With that I threw the bowl to the ground so that it broke in a thousand pieces. Then I lifted the next bowl.
“This is Hungarian wine. ‘Drink no more only water,’ writes the Apostle Paul to Timothy, ‘but use a little wine for thy stomach’s sake and because thou art so often sick.’ So speaks a holy one to weakly men and stay-at-homes. But go out on the battle-field amid frost and wailing and tell me: To how many of the groaning would this bowl of sweetish wine give relief from pain and a softer death?”
Therewith I threw that bowl also to the ground so that it broke. Then I lifted the third bowl.
“This is brandy. It is despised by the fortunate and the rich, because they thirst not after refreshment as the desert for coolness, but would only gibe at the pleasure it gives. But brandy assumes power in the very moment it swims over the tongue, like a despot in the moment he steps across a threshold, and the bleeding and dying draw comfort from a few drops.”

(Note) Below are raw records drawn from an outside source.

text \<open>If R is regular, every finite subset lies in a corner eRe: an idempotent e can be
  enlarged to an idempotent absorbing a given element x from the left by adding an idempotent
  generator p of the principal right ideal (x - ex)R, and similarly on the right. The corner eRe is a
  subring with identity e (and a subalgebra), unit-regular by hypothesis.

  Conversely, let x lie in eRe with reflexive inverse y there, and let S be a unit-regular subring
  with identity u containing e and x. If a unit t of S satisfies ata = a, then for every inner
  inverse b of a the idempotents u - ab and u - ba are equivalent, through u - at and u - ta. Taking
  a = (u - e) + x and b = (u - e) + y gives e - xy \<sim> e - yx, and an equivalence A, B between them
  turns y into the unit y + B of eRe with inverse x + A.\<close>

lemma corner_iff:
  fixes e x :: "'a::ring"
  assumes "e * e = e"
  shows "x \<in> corner e \<longleftrightarrow> e * x = x \<and> x * e = x"
proof
  assume "x \<in> corner e"
  then obtain r where "x = e * r * e" by (auto simp: corner_def)
  then show "e * x = x \<and> x * e = x" using assms by (metis mult.assoc)
next
  assume "e * x = x \<and> x * e = x"
  then have "x = e * x * e" by simp
  then show "x \<in> corner e" by (auto simp: corner_def)
qed

lemma corner_absorb:
  fixes e x :: "'a::ring"
  assumes "e * e = e" and "x \<in> corner e"
  shows "e * x = x" "x * e = x" "e * (x * w) = x * w" "x * (e * w) = x * w"
  using assms by (auto simp: corner_iff simp flip: mult.assoc)

lemma idempotent_in_corner:
  fixes e :: "'a::ring"
  assumes "e * e = e"
  shows "e \<in> corner e"
  using assms by (simp add: corner_iff)

lemma corner_subset:
  fixes e f :: "'a::ring"
  assumes f: "f * f = f" and e: "e \<in> corner f"
  shows "corner e \<subseteq> corner f"
proof
  fix x assume "x \<in> corner e"
  then obtain r where "x = e * r * e" by (auto simp: corner_def)
  then show "x \<in> corner f"
    using corner_absorb[OF f e] by (simp add: corner_iff[OF f] mult.assoc)
qed

lemma unital_subring_corner:
  fixes e :: "'a::ring"
  assumes "e * e = e"
  shows "unital_subring (corner e) e"
  unfolding unital_subring_def
proof (intro conjI ballI)
  show "0 \<in> corner e" "e \<in> corner e"
    using assms by (simp_all add: corner_iff)
  fix x assume x: "x \<in> corner e"
  show "e * x = x" "x * e = x" "- x \<in> corner e"
    using assms x by (simp_all add: corner_iff)
  fix y assume y: "y \<in> corner e"
  show "x + y \<in> corner e"
    using assms x y by (simp add: corner_iff algebra_simps)
  have "e * (x * y) = (e * x) * y" "(x * y) * e = x * (y * e)"
    by (simp_all add: mult.assoc)
  then show "x * y \<in> corner e"
    using assms x y by (simp add: corner_iff)
qed

lemma corner_closed_scale:
  fixes scale :: "'k::field \<Rightarrow> 'a::ring \<Rightarrow> 'a"
  assumes "algebra_over scale" and "x \<in> corner e"
  shows "scale c x \<in> corner e"
proof -
  obtain r where "x = e * r * e"
    using assms(2) by (auto simp: corner_def)
  then have "scale c x = e * scale c r * e"
    using assms(1) unfolding algebra_over_def by metis
  then show ?thesis
    by (auto simp: corner_def)
qed

lemma unital_subring_closed:
  fixes S :: "'a::ring set"
  assumes "unital_subring S u" "x \<in> S" "y \<in> S"
  shows "x + y \<in> S" "x * y \<in> S" "x - y \<in> S"
  using assms unfolding unital_subring_def by (simp_all, metis diff_conv_add_uminus)

lemma unital_subring_subset_corner:
  fixes S :: "'a::ring set"
  assumes "unital_subring S u"
  shows "u * u = u" "S \<subseteq> corner u"
  using assms unfolding unital_subring_def by (auto simp: corner_iff)

lemma regular_idempotent_extend_left:
  fixes e x :: "'a::ring"
  assumes regular: "vn_regular TYPE('a)" and e: "e * e = e"
  obtains f where "f * f = f" "e \<in> corner f" "f * x = x"
proof -
  define z where "z = x - e * x"
  obtain z' where "z * z' * z = z"
    using regular unfolding vn_regular_def by blast
  define p where "p = z * z'"
  have e': "e * (e * w) = e * w" for w
    using e by (simp add: mult.assoc[symmetric])
  have "e * z = 0"
    unfolding z_def by (simp add: algebra_simps e')
  then have ep: "e * p = 0" "e * (p * w) = 0" for w
    unfolding p_def by (simp_all add: mult.assoc[symmetric])
  have pz: "p * z = z"
    using \<open>z * z' * z = z\<close> unfolding p_def by simp
  have pp: "p * p = p" "p * (p * w) = p * w" for w
    using \<open>z * z' * z = z\<close> unfolding p_def by (simp_all add: mult.assoc[symmetric])
  note simps = algebra_simps e e' ep pp
  show ?thesis
  proof (rule that[of "e + (p - p * e)"])
    show "(e + (p - p * e)) * (e + (p - p * e)) = e + (p - p * e)"
      by (simp add: simps)
    show "e \<in> corner (e + (p - p * e))"
      by (simp add: simps corner_iff e)
    have "p * x = z + p * (e * x)"
      using pz unfolding z_def by (simp add: algebra_simps)
    then show "(e + (p - p * e)) * x = x"
      by (simp add: simps) (simp add: z_def)
  qed
qed

lemma regular_idempotent_extend_right:
  fixes e x :: "'a::ring"
  assumes regular: "vn_regular TYPE('a)" and e: "e * e = e"
  obtains f where "f * f = f" "e \<in> corner f" "x * f = x"
proof -
  define z where "z = x - x * e"
  obtain z' where "z * z' * z = z"
    using regular unfolding vn_regular_def by blast
  define p where "p = z' * z"
  have e': "e * (e * w) = e * w" for w
    using e by (simp add: mult.assoc[symmetric])
  have "z * e = 0"
    unfolding z_def by (simp add: algebra_simps e)
  then have pe: "p * e = 0" "p * (e * w) = 0" for w
    unfolding p_def by (simp_all add: mult.assoc[symmetric] mult.assoc)
  have zp: "z * p = z"
    using \<open>z * z' * z = z\<close> unfolding p_def by (simp add: mult.assoc)
  have pp: "p * p = p" "p * (p * w) = p * w" for w
    using \<open>z * z' * z = z\<close> unfolding p_def by (metis mult.assoc)+
  note simps = algebra_simps e e' pe pp
  show ?thesis
  proof (rule that[of "e + (p - e * p)"])
    show "(e + (p - e * p)) * (e + (p - e * p)) = e + (p - e * p)"
      by (simp add: simps)
    show "e \<in> corner (e + (p - e * p))"
      by (simp add: simps corner_iff e)
    have "x * p = z + x * (e * p)"
      using zp unfolding z_def by (simp add: algebra_simps)
    then show "x * (e + (p - e * p)) = x"
      by (simp add: simps) (simp add: z_def)
  qed
qed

“Right, right!” acclaimed the czar, and took the bowl and drank it, at the same time that he handed me two gold-pieces, while the pistols cracked. “You shall have a pass and a horse to go your way, and wherever you come, you shall tell about Poltava.”
Then I knelt yet again in the straw and stammered: “Imperial Majesty—in my pettiness and weakness—beside you sits a—a pure and good woman.”

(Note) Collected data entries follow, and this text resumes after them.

lemma infnorm_diff_le_sum_Lipschitz:
  fixes f :: "('n::finite \<Rightarrow> 'a::euclidean_space) \<Rightarrow> 'b::euclidean_space"
  assumes lipschitz: "\<And>T i c. (\<And>j. T j \<in> C) \<Longrightarrow> c \<in> C \<Longrightarrow>
      infnorm (f (T(i := c)) - f T) \<le> L i * infnorm (c - T i)"
    and "\<And>i. T\<^sub>1 i \<in> C" and "\<And>i. T\<^sub>2 i \<in> C"
  shows "infnorm (f T\<^sub>1 - f T\<^sub>2) \<le> (\<Sum>i\<in>UNIV. L i * infnorm (T\<^sub>1 i - T\<^sub>2 i))"
proof -
  define hybrid where "hybrid B = (\<lambda>i. if i \<in> B then T\<^sub>1 i else T\<^sub>2 i)" for B
  have "infnorm (f (hybrid B) - f T\<^sub>2) \<le> (\<Sum>i\<in>B. L i * infnorm (T\<^sub>1 i - T\<^sub>2 i))" for B
    using finite[of B]
  proof (induction B rule: finite_induct)
    case empty
    then show ?case by (simp add: hybrid_def infnorm_0)
  next
    case (insert a B)
    have "hybrid (insert a B) = (hybrid B)(a := T\<^sub>1 a)" and "hybrid B a = T\<^sub>2 a"
      using insert.hyps by (auto simp: hybrid_def)
    then have "infnorm (f (hybrid (insert a B)) - f (hybrid B)) \<le> L a * infnorm (T\<^sub>1 a - T\<^sub>2 a)"
      using lipschitz assms(2,3) by (metis hybrid_def)
    then have "infnorm (f (hybrid (insert a B)) - f T\<^sub>2)
        \<le> L a * infnorm (T\<^sub>1 a - T\<^sub>2 a) + infnorm (f (hybrid B) - f T\<^sub>2)"
      using infnorm_triangle[of "f (hybrid (insert a B)) - f (hybrid B)" "f (hybrid B) - f T\<^sub>2"]
      by simp
    then show ?case
      using insert by simp
  qed
  moreover have "hybrid UNIV = T\<^sub>1"
    by (simp add: hybrid_def)
  ultimately show ?thesis
    by metis
qed

theorem theorem6:
  fixes S :: "(real^'k) set"
    and P :: "real^'k \<Rightarrow> ('n::finite \<Rightarrow> 'u::finite) \<Rightarrow> real^'k \<Rightarrow> real"
    and \<rho> :: "real^'k \<Rightarrow> real"
    and \<gamma> :: real
    and C :: "(real^'d) set"
    and W :: "real^'k^'d"
    and f :: "('n \<Rightarrow> real^'d) \<Rightarrow> real^'d"
    and L :: "'n \<Rightarrow> real"
    and Tx Ty :: "'n \<Rightarrow> real^'d"
  assumes "finite S" and "S \<noteq> {}"
    and "\<forall>s\<in>S. \<forall>j. 0 \<le> s $ j \<and> s $ j \<le> 1"
    and "\<forall>s\<in>S. \<forall>u. \<forall>s'\<in>S. 0 \<le> P s u s'"
    and "\<forall>s\<in>S. \<forall>u. (\<Sum>s'\<in>S. P s u s') = 1"
    and "\<forall>s\<in>S. 0 \<le> \<rho> s" and "(\<Sum>s\<in>S. \<rho> s) = 1"
    and "0 < \<gamma>" and "\<gamma> < 1"
    and "C \<subseteq> prob_simplex"
    and "\<forall>T. (\<forall>j. T j \<in> C) \<longrightarrow> (\<forall>i. \<forall>c\<in>C.
           infnorm (f (T(i := c)) - f T) \<le> L i * infnorm (c - T i))"
    and "\<forall>i. Tx i \<in> C" and "\<forall>i. Ty i \<in> C"
  shows "\<bar>opt_value (team_reward f W Tx) P S \<gamma> \<rho> - opt_value (team_reward f W Ty) P S \<gamma> \<rho>\<bar>
         \<le> (Max ((\<lambda>s. l1norm (W *v s)) ` S) * (\<Sum>i\<in>UNIV. L i * infnorm (Tx i - Ty i)))
            / (\<gamma> * (1 - \<gamma>))"
proof -
  interpret finite_mdp S P \<gamma>
    using assms(1,4,5,8,9) by unfold_locales auto
  define s_max where "s_max = Max ((\<lambda>s. l1norm (W *v s)) ` S)"
  define D where "D = (\<Sum>i\<in>UNIV. L i * infnorm (Tx i - Ty i))"
  have s_max_ge: "l1norm (W *v s) \<le> s_max" if "s \<in> S" for s
    using assms(1) that by (simp add: s_max_def)
  then have "0 \<le> s_max"
    using assms(2) l1norm_nonneg by (meson ex_in_conv order_trans)
  have f_diff: "infnorm (f Tx - f Ty) \<le> D"
    unfolding D_def by (rule infnorm_diff_le_sum_Lipschitz[of C f L]) (use assms(11-13) in auto)
  then have "0 \<le> D"
    using infnorm_pos_le order_trans by blast
  have "\<bar>team_reward f W Tx s - team_reward f W Ty s\<bar> \<le> D * s_max" if "s \<in> S" for s
    using abs_team_reward_diff_le[of f W Tx s Ty] f_diff s_max_ge[OF that] \<open>0 \<le> D\<close>
    by (meson l1norm_nonneg mult_mono order_trans)
  then have "\<bar>opt_value (team_reward f W Tx) P S \<gamma> \<rho> - opt_value (team_reward f W Ty) P S \<gamma> \<rho>\<bar>
      \<le> D * s_max / (1 - \<gamma>)"
    using assms(6,7) by (intro opt_value_diff_le) auto
  also have "\<dots> \<le> D * s_max / (\<gamma> * (1 - \<gamma>))"
    using assms(8,9) \<open>0 \<le> s_max\<close> \<open>0 \<le> D\<close>
    by (intro divide_left_mono) (auto simp: mult_le_cancel_right1)
  finally show ?thesis
    unfolding s_max_def D_def by (simp add: mult.commute)
qed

“Haha!” screamed the dwarfs and Boyars and tottered to their feet. “Haha! haha!”
The czar got up and carried Feodosova toward me.
“I understand. He who limps on a wooden leg may fall in love, too. Good. I present her to you as she goes and stands, and you shall have a good situation with me. I have promised every Swede who enters into my service and is baptized in our faith that he shall become one of our people.”

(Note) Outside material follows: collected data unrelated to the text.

lemma is_parent_iff_Least:
  fixes x :: "nat \<Rightarrow> real" and i j :: nat
  defines "M \<equiv> Max {x j | j. j < i \<and> x j < x i}"
  assumes "j < i" "\<exists>j<i. x j < x i"
  shows "is_parent i j x \<longleftrightarrow> j = (LEAST j. j < i \<and> x j = M)"
proof -
  have "M \<in> {x j | j. j < i \<and> x j < x i}"
    unfolding M_def using assms(3) by (intro Max_in) auto
  then have ex: "\<exists>j. j < i \<and> x j = M" and "M < x i"
    by auto
  have le_M: "x k \<le> M" if "k < i" "x k < x i" for k
    unfolding M_def using that by (intro Max_ge) auto
  define p where "p = (LEAST j. j < i \<and> x j = M)"
  have p: "p < i" "x p = M"
    using LeastI_ex[OF ex] unfolding p_def by auto
  have p_le: "p \<le> k" if "k < i" "x k = M" for k
    unfolding p_def using that by (intro Least_le) auto
  show ?thesis
    unfolding p_def[symmetric]
  proof
    assume "is_parent i j x"
    then have "x j < x i"
      and unblocked: "\<forall>k\<in>{..<i} - {j}. \<not> (x j < x k \<and> x k < x i) \<and> \<not> (k < j \<and> x k = x j)"
      unfolding is_parent_def by auto
    have "x j \<le> x p"
      using le_M[OF \<open>j < i\<close> \<open>x j < x i\<close>] p by simp
    show "j = p"
    proof (rule ccontr)
      assume "j \<noteq> p"
      moreover have "x j \<noteq> x p \<or> p < j"
        using p_le[OF \<open>j < i\<close>] p \<open>j \<noteq> p\<close> by force
      ultimately show False
        using unblocked[rule_format, of p] \<open>x j \<le> x p\<close> p \<open>M < x i\<close> by auto
    qed
  next
    assume "j = p"
    have "\<not> (M < x k \<and> x k < x i) \<and> \<not> (k < p \<and> x k = M)" if "k < i" for k
      using le_M[OF that] p_le[OF that] by force
    then show "is_parent i j x"
      unfolding is_parent_def \<open>j = p\<close> p using \<open>M < x i\<close> by auto
  qed
qed

lemma dlf_summand_eq_sum_edge_weight:
  "(if \<exists>j<i. x j < x i then (x i - Max {x j | j. j < i \<and> x j < x i}) powr \<alpha> else 0)
    = (\<Sum>j<i. edge_weight \<alpha> i j x)"
proof (cases "\<exists>j<i. x j < x i")
  case True
  define M where "M = Max {x j | j. j < i \<and> x j < x i}"
  define p where "p = (LEAST j. j < i \<and> x j = M)"
  have "M \<in> {x j | j. j < i \<and> x j < x i}"
    unfolding M_def using True by (intro Max_in) auto
  then have "\<exists>j. j < i \<and> x j = M"
    by auto
  then have "p < i \<and> x p = M"
    unfolding p_def by (rule LeastI_ex)
  have "edge_weight \<alpha> i j x = (if j = p then (x i - x j) powr \<alpha> else 0)" if "j < i" for j
    using is_parent_iff_Least[OF that True] unfolding edge_weight_def p_def M_def by simp
  then have "(\<Sum>j<i. edge_weight \<alpha> i j x) = (\<Sum>j<i. if j = p then (x i - x j) powr \<alpha> else 0)"
    by (intro sum.cong) auto
  also have "\<dots> = (x i - M) powr \<alpha>"
    using \<open>p < i \<and> x p = M\<close> by simp
  finally show ?thesis
    using True unfolding M_def by simp
next
  case False
  then have "edge_weight \<alpha> i j x = 0" if "j < i" for j
    using that by (simp add: edge_weight_def is_parent_def)
  then show ?thesis
    unfolding if_not_P[OF False] by (simp add: sum.neutral)
qed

Feodosova stood like a sleep-walker and stretched her hands toward me. What did it matter that she had laughed at me. I should soon have forgotten that and she would soon not have seen my wooden leg, for I should have cared for her and worked for her and prayed with her and made her home bright and tranquil. I should have lifted her up to my bosom as a child and asked her if an honest and faithful heart could not make another heart throb. Mayhap she already bore the answer on her tongue, for slowly she beamed up and became flushed, and her whole face became transfigured. Far away in a corner house on Priest Street in Stockholm a lonely old woman sat with her sermon-book and listened and wondered whether a letter would not be left for her through the door, whether no disabled man would step in with a greeting from the remote wilderness, whether I never should come or whether I lay already dead and buried. I had prayed for her every night. I had thought of her in the tumult in the midst of stretchers and wailing wounded. But at that moment I thought of her no longer; I saw and heard nothing else but Feodosova. And yet I was angry and strove against something heavy which weighed upon my heart and which I did not understand, but was only slowly and gradually able to make out.